= Beginning of Section =

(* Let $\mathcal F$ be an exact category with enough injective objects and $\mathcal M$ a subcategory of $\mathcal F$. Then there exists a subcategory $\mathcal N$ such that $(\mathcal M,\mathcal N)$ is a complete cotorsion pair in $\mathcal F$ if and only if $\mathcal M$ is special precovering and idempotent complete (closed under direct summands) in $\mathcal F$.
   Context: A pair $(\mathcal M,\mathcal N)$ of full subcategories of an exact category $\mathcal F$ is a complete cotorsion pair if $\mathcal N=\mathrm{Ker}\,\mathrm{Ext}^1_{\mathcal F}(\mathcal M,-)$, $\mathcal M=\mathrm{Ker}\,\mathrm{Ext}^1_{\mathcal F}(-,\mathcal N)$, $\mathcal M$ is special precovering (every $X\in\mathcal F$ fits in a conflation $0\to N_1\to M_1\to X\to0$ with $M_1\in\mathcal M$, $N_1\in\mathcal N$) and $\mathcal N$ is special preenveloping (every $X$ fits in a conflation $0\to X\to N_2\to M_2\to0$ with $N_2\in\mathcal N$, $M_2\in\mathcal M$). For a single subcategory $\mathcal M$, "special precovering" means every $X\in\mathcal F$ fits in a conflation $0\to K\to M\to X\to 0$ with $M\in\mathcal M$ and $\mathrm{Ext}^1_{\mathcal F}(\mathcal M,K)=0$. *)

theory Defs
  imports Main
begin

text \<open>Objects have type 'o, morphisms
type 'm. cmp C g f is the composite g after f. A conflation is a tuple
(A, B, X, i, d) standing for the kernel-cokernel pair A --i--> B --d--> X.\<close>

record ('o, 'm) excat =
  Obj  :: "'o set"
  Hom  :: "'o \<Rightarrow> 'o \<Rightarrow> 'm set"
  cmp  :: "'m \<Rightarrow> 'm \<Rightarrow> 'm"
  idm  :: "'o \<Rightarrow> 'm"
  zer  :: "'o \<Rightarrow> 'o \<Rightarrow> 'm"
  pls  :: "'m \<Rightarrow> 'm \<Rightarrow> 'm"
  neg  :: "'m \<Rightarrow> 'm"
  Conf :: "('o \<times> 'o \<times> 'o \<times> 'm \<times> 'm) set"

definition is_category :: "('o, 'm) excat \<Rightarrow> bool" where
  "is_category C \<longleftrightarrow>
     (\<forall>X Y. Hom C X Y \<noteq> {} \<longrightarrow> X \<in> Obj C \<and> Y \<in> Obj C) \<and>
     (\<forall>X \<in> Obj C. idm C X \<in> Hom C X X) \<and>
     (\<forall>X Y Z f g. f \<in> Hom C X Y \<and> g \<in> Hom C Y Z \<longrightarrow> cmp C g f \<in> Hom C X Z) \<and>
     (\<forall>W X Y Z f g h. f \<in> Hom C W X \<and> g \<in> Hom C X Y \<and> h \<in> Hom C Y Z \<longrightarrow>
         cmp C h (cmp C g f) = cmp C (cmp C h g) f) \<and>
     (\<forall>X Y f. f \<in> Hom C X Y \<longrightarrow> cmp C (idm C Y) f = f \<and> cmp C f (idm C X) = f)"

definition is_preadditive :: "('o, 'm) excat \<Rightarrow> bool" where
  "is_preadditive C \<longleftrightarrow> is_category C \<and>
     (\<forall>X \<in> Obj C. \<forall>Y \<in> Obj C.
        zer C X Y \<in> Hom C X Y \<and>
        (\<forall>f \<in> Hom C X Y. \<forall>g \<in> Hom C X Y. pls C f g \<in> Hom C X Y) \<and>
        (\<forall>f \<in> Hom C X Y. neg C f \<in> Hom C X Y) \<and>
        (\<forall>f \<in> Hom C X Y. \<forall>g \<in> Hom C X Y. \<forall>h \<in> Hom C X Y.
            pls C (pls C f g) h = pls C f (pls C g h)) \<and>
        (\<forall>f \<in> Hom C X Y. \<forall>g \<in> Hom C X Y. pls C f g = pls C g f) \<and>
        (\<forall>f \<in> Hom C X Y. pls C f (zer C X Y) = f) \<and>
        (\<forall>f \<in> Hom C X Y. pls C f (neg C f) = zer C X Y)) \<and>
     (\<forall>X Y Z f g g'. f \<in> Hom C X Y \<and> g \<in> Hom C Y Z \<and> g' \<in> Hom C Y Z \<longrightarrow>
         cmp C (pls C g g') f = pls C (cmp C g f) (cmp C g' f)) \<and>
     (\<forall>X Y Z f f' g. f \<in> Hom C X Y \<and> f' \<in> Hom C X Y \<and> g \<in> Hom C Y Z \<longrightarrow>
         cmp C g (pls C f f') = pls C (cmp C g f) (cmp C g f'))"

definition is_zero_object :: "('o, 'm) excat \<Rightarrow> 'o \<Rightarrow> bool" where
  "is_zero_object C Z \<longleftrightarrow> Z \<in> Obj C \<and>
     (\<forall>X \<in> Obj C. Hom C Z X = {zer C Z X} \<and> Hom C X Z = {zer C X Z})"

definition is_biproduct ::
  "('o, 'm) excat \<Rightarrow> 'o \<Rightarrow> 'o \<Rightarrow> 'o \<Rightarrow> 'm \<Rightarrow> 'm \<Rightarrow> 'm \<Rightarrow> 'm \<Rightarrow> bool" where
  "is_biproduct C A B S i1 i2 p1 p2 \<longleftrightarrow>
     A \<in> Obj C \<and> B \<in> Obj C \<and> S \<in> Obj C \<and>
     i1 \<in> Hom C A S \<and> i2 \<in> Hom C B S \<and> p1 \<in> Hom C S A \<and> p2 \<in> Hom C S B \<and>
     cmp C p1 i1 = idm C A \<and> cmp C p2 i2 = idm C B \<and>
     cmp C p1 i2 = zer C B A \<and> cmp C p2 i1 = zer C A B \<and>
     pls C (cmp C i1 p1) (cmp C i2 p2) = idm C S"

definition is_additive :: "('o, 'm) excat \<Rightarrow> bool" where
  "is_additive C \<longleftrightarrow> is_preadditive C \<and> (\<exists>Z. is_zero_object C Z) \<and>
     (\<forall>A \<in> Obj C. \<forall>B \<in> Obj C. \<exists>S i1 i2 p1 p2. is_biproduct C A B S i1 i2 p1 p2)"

= End of Section =

▶ [DIRECTIONS]
Output exactly the lines above, from the one holding "p1 p2 \<longleftrightarrow>" through the end of the data, including the first and last.

▶ [ANSWER TO THE EXERCISE]
  "is_biproduct C A B S i1 i2 p1 p2 \<longleftrightarrow>
     A \<in> Obj C \<and> B \<in> Obj C \<and> S \<in> Obj C \<and>
     i1 \<in> Hom C A S \<and> i2 \<in> Hom C B S \<and> p1 \<in> Hom C S A \<and> p2 \<in> Hom C S B \<and>
     cmp C p1 i1 = idm C A \<and> cmp C p2 i2 = idm C B \<and>
     cmp C p1 i2 = zer C B A \<and> cmp C p2 i1 = zer C A B \<and>
     pls C (cmp C i1 p1) (cmp C i2 p2) = idm C S"

definition is_additive :: "('o, 'm) excat \<Rightarrow> bool" where
  "is_additive C \<longleftrightarrow> is_preadditive C \<and> (\<exists>Z. is_zero_object C Z) \<and>
     (\<forall>A \<in> Obj C. \<forall>B \<in> Obj C. \<exists>S i1 i2 p1 p2. is_biproduct C A B S i1 i2 p1 p2)"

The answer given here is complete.